The board urged the EPA and the state Health Department to push the Navy into providing the necessary information.
“Otherwise the regulatory agencies may be perceived as ignoring their public trust responsibility to protect our drinking water resource,” Lau wrote.
In September the Navy and the Defense Logistics Agency agreed to take immediate and long-term actions to ease the threat of leaks at the Red Hill facility.
An “Agreement on Consent” negotiated among the Navy, Defense Logistics Agency, EPA and state Health Department charts a 22-year plan expected to cost tens of millions of dollars.
On Monday officials with the EPA and the state Health Department met with the board to update the status of the project.
EPA officials said they were looking at various tank upgrade alternatives, including double- and single-wall designs.
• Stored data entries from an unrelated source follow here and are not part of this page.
lemma black_scholes_pde_of_drift_heat_solution:
  fixes V Z :: "real \<Rightarrow> real \<Rightarrow> real"
  assumes heat: "drift_heat_solution \<sigma> (r - q - \<sigma>\<^sup>2 / 2 + \<sigma>\<^sup>2 * \<beta>) Z"
    and V: "\<And>X t. X > 0 \<Longrightarrow> t < T \<Longrightarrow> V X t = X powr \<beta> * exp (mu r q \<sigma> \<beta> * (T - t)) * Z (ln X) (T - t)"
    and t: "t \<in> {0<..<T}" and X: "X > 0"
  shows "\<exists>Vt DX VXX. ((\<lambda>s. V X s) has_real_derivative Vt) (at t) \<and>
           (\<forall>Y>0. ((\<lambda>Y. V Y t) has_real_derivative DX Y) (at Y)) \<and>
           (DX has_real_derivative VXX) (at X) \<and>
           Vt + 1/2 * \<sigma>\<^sup>2 * X\<^sup>2 * VXX + (r - q) * X * DX X - r * V X t = 0"
proof -
  define \<tau> where "\<tau> = T - t"
  have "\<tau> > 0" using t by (simp add: \<tau>_def)
  with heat obtain Zx Zxx Zt where Zx: "\<And>x. ((\<lambda>x. Z x \<tau>) has_real_derivative Zx x) (at x)"
    and Zxx: "\<And>x. (Zx has_real_derivative Zxx x) (at x)"
    and Zt: "\<And>x. ((\<lambda>\<tau>. Z x \<tau>) has_real_derivative Zt x) (at \<tau>)"
    and pde: "\<And>x. Zt x = \<sigma>\<^sup>2 / 2 * Zxx x + (r - q - \<sigma>\<^sup>2 / 2 + \<sigma>\<^sup>2 * \<beta>) * Zx x"
    unfolding drift_heat_solution_def by blast
  define \<mu> where "\<mu> = mu r q \<sigma> \<beta>"
  define E where "E = exp (\<mu> * \<tau>)"
  define DX where "DX Y = E * (Y powr (\<beta> - 1) * (\<beta> * Z (ln Y) \<tau> + Zx (ln Y)))" for Y
  define Vt where "Vt = - (X powr \<beta> * E * (\<mu> * Z (ln X) \<tau> + Zt (ln X)))"
  define VXX where "VXX = E * (X powr (\<beta> - 1 - 1) * ((\<beta> - 1) * (\<beta> * Z (ln X) \<tau> + Zx (ln X))
      + (\<beta> * Zx (ln X) + Zxx (ln X))))"
  from has_real_derivative_time_to_maturity[OF Zt[of "ln X", unfolded \<tau>_def], of "X powr \<beta>" \<mu>]
  have "((\<lambda>s. X powr \<beta> * exp (\<mu> * (T - s)) * Z (ln X) (T - s)) has_real_derivative Vt) (at t)"
    by (simp add: Vt_def E_def \<tau>_def)
  then have "((\<lambda>s. V X s) has_real_derivative Vt) (at t)"
    by (rule has_field_derivative_transform_within_open[where S = "{..<T}"])
       (use t V[OF X] in \<open>auto simp: \<mu>_def\<close>)
  moreover have "((\<lambda>Y. V Y t) has_real_derivative DX Y) (at Y)" if "Y > 0" for Y
  proof -
    from DERIV_cmult[OF has_real_derivative_powr_mult_comp_ln[OF that Zx], of E]
    have "((\<lambda>Y. E * (Y powr \<beta> * Z (ln Y) \<tau>)) has_real_derivative DX Y) (at Y)"
      by (simp add: DX_def)
    then show ?thesis
      by (rule has_field_derivative_transform_within_open[where S = "{0<..}"])
         (use that t V in \<open>auto simp: E_def \<mu>_def \<tau>_def\<close>)
  qed
  moreover have "(DX has_real_derivative VXX) (at X)"
  proof -
    have "((\<lambda>x. \<beta> * Z x \<tau> + Zx x) has_real_derivative \<beta> * Zx (ln X) + Zxx (ln X)) (at (ln X))"
      by (intro DERIV_add DERIV_cmult Zx Zxx)
    from DERIV_cmult[OF has_real_derivative_powr_mult_comp_ln[OF X this, of "\<beta> - 1"], of E]
    show ?thesis unfolding DX_def[abs_def] VXX_def .
  qed
  moreover have "Vt + 1/2 * \<sigma>\<^sup>2 * X\<^sup>2 * VXX + (r - q) * X * DX X - r * V X t = 0"
  proof -
    have powr: "X powr (\<beta> - 1) = X powr \<beta> / X" "X powr (\<beta> - 1 - 1) = X powr \<beta> / X\<^sup>2"
      using X by (simp_all add: powr_diff power2_eq_square)
    have "V X t = X powr \<beta> * E * Z (ln X) \<tau>"
      using V[OF X] t by (simp add: E_def \<mu>_def \<tau>_def)
    then show ?thesis
      using X unfolding Vt_def VXX_def DX_def pde powr \<mu>_def mu_def
      by (simp add: field_simps power2_eq_square)
  qed
  ultimately show ?thesis by blast
qed
lemma move_equiv_graph_iso_trans: "move_equiv G H \<Longrightarrow> graph_iso K H \<Longrightarrow> move_equiv G K"
  unfolding move_equiv_def using graph_iso_trans by blast

lemma move_equiv_trans:
  assumes GH: "move_equiv G H" and HK: "move_equiv H K" and wf: "wf_graph H" and e: "e \<in> edges H"
  shows "move_equiv G K"
proof -
  obtain G1 H1 where G1: "graph_iso G G1" and H1: "graph_iso H H1" and "move_equiv_nat G1 H1"
    using GH unfolding move_equiv_def by blast
  moreover obtain H2 K2 where "graph_iso H H2" and K2: "graph_iso K K2" and "move_equiv_nat H2 K2"
    using HK unfolding move_equiv_def by blast
  moreover obtain \<phi> \<psi> where iso: "graph_iso_by \<phi> \<psi> H H1"
    using H1 graph_iso_iff_graph_iso_by by blast
  moreover have "graph_iso H1 H2"
    using graph_iso_sym[OF H1 wf] \<open>graph_iso H H2\<close> graph_iso_trans by blast
  ultimately have "move_equiv_nat H1 H2"
    using one_move_of_graph_iso[OF wf_graph_iso_by[OF iso wf]] graph_iso_byD(4)[OF iso] e
      move_equiv_nat_of_one_move by blast
  then have "move_equiv_nat G1 K2"
    using \<open>move_equiv_nat G1 H1\<close> \<open>move_equiv_nat H2 K2\<close> move_equiv_nat_trans by blast
  then show ?thesis unfolding move_equiv_def using G1 K2 by blast
qed

lemma move_equiv_of_one_move_nat_graph:
  fixes G :: "('v::countable, 'e::countable) graph"
  assumes "one_move (nat_graph G) H'" "graph_iso H H'"
  shows "move_equiv G H"
  unfolding move_equiv_def using assms graph_iso_nat_graph move_equiv_nat_of_one_move by blast

lemma move_equiv_move_S:
  fixes G :: "('v::countable, 'e::countable) graph"
  assumes wf: "wf_graph G" and c: "move_S_cond G v"
  shows "move_equiv G (move_S G v)"
proof (rule move_equiv_of_one_move_nat_graph)
  note T = move_S_graph_iso_by[OF graph_iso_by_nat_graph wf c]
  let ?M = "move_S (nat_graph G) (to_nat v)"
  show "one_move (nat_graph G) (nat_graph ?M)"
    unfolding one_move_def using wf_nat_graph[OF wf] T(1) graph_iso_nat_graph by blast
  show "graph_iso (move_S G v) (nat_graph ?M)"
    using T(2) graph_iso_nat_graph graph_iso_iff_graph_iso_by graph_iso_trans by blast
qed

lemma move_equiv_move_R:
  fixes G :: "('v::countable, 'e::countable) graph"
  assumes wf: "wf_graph G" and c: "move_R_cond G u f v"
  shows "move_equiv G (move_R G u f)"
proof (rule move_equiv_of_one_move_nat_graph)
  note T = move_R_graph_iso_by[OF graph_iso_by_nat_graph wf c]
  let ?M = "move_R (nat_graph G) (to_nat u) (to_nat f)"
  show "one_move (nat_graph G) (nat_graph ?M)"
    unfolding one_move_def using wf_nat_graph[OF wf] T(1) graph_iso_nat_graph by blast
  show "graph_iso (move_R G u f) (nat_graph ?M)"
    using T(2) graph_iso_nat_graph graph_iso_iff_graph_iso_by graph_iso_trans by blast
qed

lemma move_equiv_move_O:
  fixes G :: "('v::countable, 'e::countable) graph"
  assumes wf: "wf_graph G" and c: "move_O_cond G v k p"
  shows "move_equiv G (move_O G v k p)"
proof (rule move_equiv_of_one_move_nat_graph)
  note T = move_O_graph_iso_by[OF graph_iso_by_nat_graph wf c]
  let ?M = "move_O (nat_graph G) (to_nat v) k (p \<circ> inv_into (edges G) to_nat)"
  show "one_move (nat_graph G) (nat_graph ?M)"
    unfolding one_move_def using wf_nat_graph[OF wf] T(1) graph_iso_nat_graph by blast
  show "graph_iso (move_O G v k p) (nat_graph ?M)"
    using T(2) graph_iso_nat_graph graph_iso_iff_graph_iso_by graph_iso_trans by blast
qed

lemma move_equiv_move_I:
  fixes G :: "('v::countable, 'e::countable) graph"
  assumes wf: "wf_graph G" and c: "move_I_cond G v k q"
  shows "move_equiv G (move_I G v k q)"
proof (rule move_equiv_of_one_move_nat_graph)
  note T = move_I_graph_iso_by[OF graph_iso_by_nat_graph wf c]
  let ?M = "move_I (nat_graph G) (to_nat v) k (q \<circ> inv_into (edges G) to_nat)"
  show "one_move (nat_graph G) (nat_graph ?M)"
    unfolding one_move_def using wf_nat_graph[OF wf] T(1) graph_iso_nat_graph by blast
  show "graph_iso (move_I G v k q) (nat_graph ?M)"
    using T(2) graph_iso_nat_graph graph_iso_iff_graph_iso_by graph_iso_trans by blast
qed

section \<open>Contracting the unique out-edge of a vertex\<close>

text \<open>This is move (R) without the requirement that all edges into \<open>w\<close> come from one vertex;
  the edges into \<open>w\<close> are redirected to the range of \<open>f\<close> instead of being replaced by copies.\<close>

definition contract :: "('v, 'e) graph \<Rightarrow> 'v \<Rightarrow> 'e \<Rightarrow> ('v, 'e) graph" where
  "contract G w f = \<lparr>verts = verts G - {w}, edges = edges G - {f}, src = src G,
     rng = (\<lambda>e. if rng G e = w then rng G f else rng G e)\<rparr>"

definition contractible :: "('v, 'e) graph \<Rightarrow> 'v \<Rightarrow> 'e \<Rightarrow> bool" where
  "contractible G w f \<longleftrightarrow> w \<in> verts G \<and> out_edges G w = {f} \<and> rng G f \<noteq> w"

lemma contractibleD:
  assumes "contractible G w f" "wf_graph G"
  shows "w \<in> verts G" "out_edges G w = {f}" "rng G f \<noteq> w" "f \<in> edges G"
    "\<And>e. e \<in> edges G \<Longrightarrow> src G e = w \<longleftrightarrow> e = f" "src G f = w" "rng G f \<in> verts G"
    "is_regular G w"
proof -
  have cc: "w \<in> verts G \<and> out_edges G w = {f} \<and> rng G f \<noteq> w" using assms(1) unfolding contractible_def .
  show w: "w \<in> verts G" and out: "out_edges G w = {f}" and r: "rng G f \<noteq> w" using cc by auto
  have fo: "f \<in> out_edges G w" unfolding out by simp
  then show fE: "f \<in> edges G" and "src G f = w" unfolding out_edges_def by auto
  show "rng G f \<in> verts G" using assms(2) fE unfolding wf_graph_def by auto
  show "src G e = w \<longleftrightarrow> e = f" if "e \<in> edges G" for e
  proof
    assume "src G e = w" then have "e \<in> out_edges G w" using that unfolding out_edges_def by simp
    then show "e = f" unfolding out by simp
  next
    assume "e = f" then show "src G e = w" using fo unfolding out_edges_def by simp
  qed
  show "is_regular G w" unfolding is_regular_def is_sink_def is_inf_emitter_def out using w by simp
qed

lemma wf_contract:
  assumes "wf_graph G" "contractible G w f"
  shows "wf_graph (contract G w f)"
proof -
  note C = contractibleD[OF assms(2,1)]
  have "src G e \<in> verts G - {w} \<and> (if rng G e = w then rng G f else rng G e) \<in> verts G - {w}"
    if "e \<in> edges G - {f}" for e
    using that assms(1) C unfolding wf_graph_def by auto
  then show ?thesis using assms(1) unfolding wf_graph_def contract_def by auto
qed

lemma contract_graph_iso_by:
  assumes iso: "graph_iso_by \<phi> \<psi> G H" and wf: "wf_graph G" and c: "contractible G w f"
  shows "contractible H (\<phi> w) (\<psi> f)"
    and "graph_iso_by \<phi> \<psi> (contract G w f) (contract H (\<phi> w) (\<psi> f))"
proof -
  note P = graph_iso_byD[OF iso] and C = contractibleD[OF c wf]
  have eqv: "\<phi> x = \<phi> w \<longleftrightarrow> x = w" if "x \<in> verts G" for x
    using inj_on_eq_iff[OF P(1) that C(1)] .
  show "contractible H (\<phi> w) (\<psi> f)"
    unfolding contractible_def using P(2) C(1) out_edges_graph_iso_by[OF iso wf C(1)] C(2) P(6)[OF C(4)] eqv[OF C(7)] C(3)
    by auto
  have V: "bij_betw \<phi> (verts G - {w}) (verts H - {\<phi> w})"
    unfolding bij_betw_def using verts_minus_graph_iso_by[OF iso C(1)] inj_on_subset[OF P(1)] by auto
  have E: "bij_betw \<psi> (edges G - {f}) (edges H - {\<psi> f})"
    unfolding bij_betw_def using inj_on_image_set_diff[OF P(3), of "edges G" "{f}"] C(4) P(4) inj_on_subset[OF P(3)]
    by auto
  show "graph_iso_by \<phi> \<psi> (contract G w f) (contract H (\<phi> w) (\<psi> f))"
    unfolding graph_iso_by_def contract_def graph.simps
  proof (intro conjI V E ballI)
    fix e assume e: "e \<in> edges G - {f}"
    then have eE: "e \<in> edges G" by simp
    show "src H (\<psi> e) = \<phi> (src G e)" using P(5)[OF eE] .
    show "(if rng H (\<psi> e) = \<phi> w then rng H (\<psi> f) else rng H (\<psi> e)) =
          \<phi> (if rng G e = w then rng G f else rng G e)"
      using P(6)[OF eE] P(6)[OF C(4)] eqv[OF wf_graphD(2)[OF wf eE]] by simp
  qed
qed

lemma move_equiv_contract_source:
  fixes G :: "('v::countable, 'e::countable) graph"
  assumes wf: "wf_graph G" and c: "contractible G w f" and src0: "in_edges G w = {}"
  shows "move_equiv G (contract G w f)"
proof -
  note C = contractibleD[OF c wf]
  have sc: "move_S_cond G w" unfolding move_S_cond_def is_source_def using C(8) src0 by simp
  have rw: "\<And>e. e \<in> edges G \<Longrightarrow> rng G e \<noteq> w" using src0 unfolding in_edges_def by blast
  have Eeq: "edges G - {f} = {e \<in> edges G. src G e \<noteq> w}" using C(5) by blast
  have "graph_iso_by id id (contract G w f) (move_S G w)"
    unfolding graph_iso_by_def contract_def move_S_def graph.simps Eeq[symmetric]
    using rw by simp
  then have "graph_iso (contract G w f) (move_S G w)"
    using graph_iso_iff_graph_iso_by by blast
  with move_equiv_move_S[OF wf sc] show ?thesis by (rule move_equiv_graph_iso_trans)
qed

lemma move_equiv_contract_single_source:
  fixes G :: "('v::countable, 'e::countable) graph"
  assumes wf: "wf_graph G" and c: "contractible G w f" and src1: "src G ` in_edges G w = {s}"
  shows "move_equiv G (contract G w f)"
proof -
  note C = contractibleD[OF c wf]
  have rc: "move_R_cond G w f s" unfolding move_R_cond_def using C(1,2,3,8) src1 by simp
  define \<psi> where "\<psi> e = (if rng G e = w then Inr e else Inl e)" for e
  have inj: "inj_on \<psi> (edges G - {f})" unfolding \<psi>_def inj_on_def by auto
  have img: "\<psi> ` (edges G - {f}) = Inl ` (edges G - in_edges G w - {f}) \<union> Inr ` in_edges G w"
  proof (intro equalityI subsetI)
    fix x assume "x \<in> \<psi> ` (edges G - {f})"
    then obtain e where e: "e \<in> edges G" "e \<noteq> f" "x = \<psi> e" by blast
    show "x \<in> Inl ` (edges G - in_edges G w - {f}) \<union> Inr ` in_edges G w"
      using e unfolding \<psi>_def in_edges_def by auto
  next
    fix x assume x: "x \<in> Inl ` (edges G - in_edges G w - {f}) \<union> Inr ` in_edges G w"
    have fi: "f \<notin> in_edges G w" using C(3) unfolding in_edges_def by simp
    show "x \<in> \<psi> ` (edges G - {f})"
    proof (cases x)
      case (Inl e) then have "e \<in> edges G - {f}" "rng G e \<noteq> w" using x unfolding in_edges_def by auto
      then show ?thesis using Inl unfolding \<psi>_def by (auto intro!: image_eqI[of _ _ e])
    next
      case (Inr e) then have "e \<in> edges G - {f}" "rng G e = w" using x fi unfolding in_edges_def by auto
      then show ?thesis using Inr unfolding \<psi>_def by (auto intro!: image_eqI[of _ _ e])
    qed
  qed
  have "graph_iso_by id \<psi> (contract G w f) (move_R G w f)"
    unfolding graph_iso_by_def contract_def move_R_def graph.simps
  proof (intro conjI ballI)
    show "bij_betw id (verts G - {w}) (verts G - {w})" by simp
    show "bij_betw \<psi> (edges G - {f}) (Inl ` (edges G - in_edges G w - {f}) \<union> Inr ` in_edges G w)"
      unfolding bij_betw_def using inj img by simp
    fix e assume "e \<in> edges G - {f}"
    show "(case \<psi> e of Inl e \<Rightarrow> src G e | Inr e \<Rightarrow> src G e) = id (src G e)"
      unfolding \<psi>_def by simp
    show "(case \<psi> e of Inl e \<Rightarrow> rng G e | Inr e \<Rightarrow> rng G f) = id (if rng G e = w then rng G f else rng G e)"
      unfolding \<psi>_def by simp
  qed
  then have "graph_iso (contract G w f) (move_R G w f)"
    using graph_iso_iff_graph_iso_by by blast
  with move_equiv_move_R[OF wf rc] show ?thesis by (rule move_equiv_graph_iso_trans)
qed

text \<open>If the edges into \<open>w\<close> come from two distinct vertices \<open>s\<close> and \<open>s'\<close>, in-splitting \<open>w\<close>
  separates the edges from \<open>s\<close> into the copy \<open>(w, 0)\<close>; move (R) removes that copy, and the
  copy \<open>(w, 1)\<close> that remains receives edges from fewer vertices than \<open>w\<close> did.\<close>

locale contract_split =
  fixes G :: "('v::countable, 'e::countable) graph" and w :: 'v and f :: 'e and s s' :: 'v
  assumes wf: "wf_graph G" and contr: "contractible G w f"
    and s: "s \<in> src G ` in_edges G w" and s': "s' \<in> src G ` in_edges G w" and s'_ne_s: "s' \<noteq> s"
begin

definition "split_class e = (if src G e = s then 0 else 1::nat)"
definition "G_split = move_I G w 2 split_class"
definition "from_s = {e \<in> edges G. rng G e = w \<and> src G e = s}"
definition "G_reduced = move_R G_split (w, 0) (f, 0)"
New leak detection alternatives are also in the works, as are new ways to investigate and remediate future leaks and evaluate and protect groundwater sources.
Linder said the plan calls for the construction of four new monitoring wells in and around the Red Hill tanks, with the potential for more if necessary.
Board member Adam C. Wong pointed out that 100 or more monitoring wells were built as part of a cleanup of an Air Force base in New Mexico.
Linder replied that the geology was different in that cleanup and that, in any case, it will cost $300,000 apiece to construct wells in the rock around Red Hill.
Federal officials also said they would require the Navy to test for only 12 compounds despite the Navy previously agreeing to test for 64 compounds. The Navy has collected quarterly samples of the 64 compounds at the storage site since 2005.
Linder explained that 52 of the 64 compounds generally were not detected in the samples, and the reason is because they are not found in the fuel stored at Red Hill.
Marti Townsend, director of the Sierra Club of Hawaii, said reduced compound monitoring isn’t acceptable considering what’s at stake: the possible contamination of Honolulu’s drinking water.
“You’re never going to find what you’re not looking for,” she said after the meeting.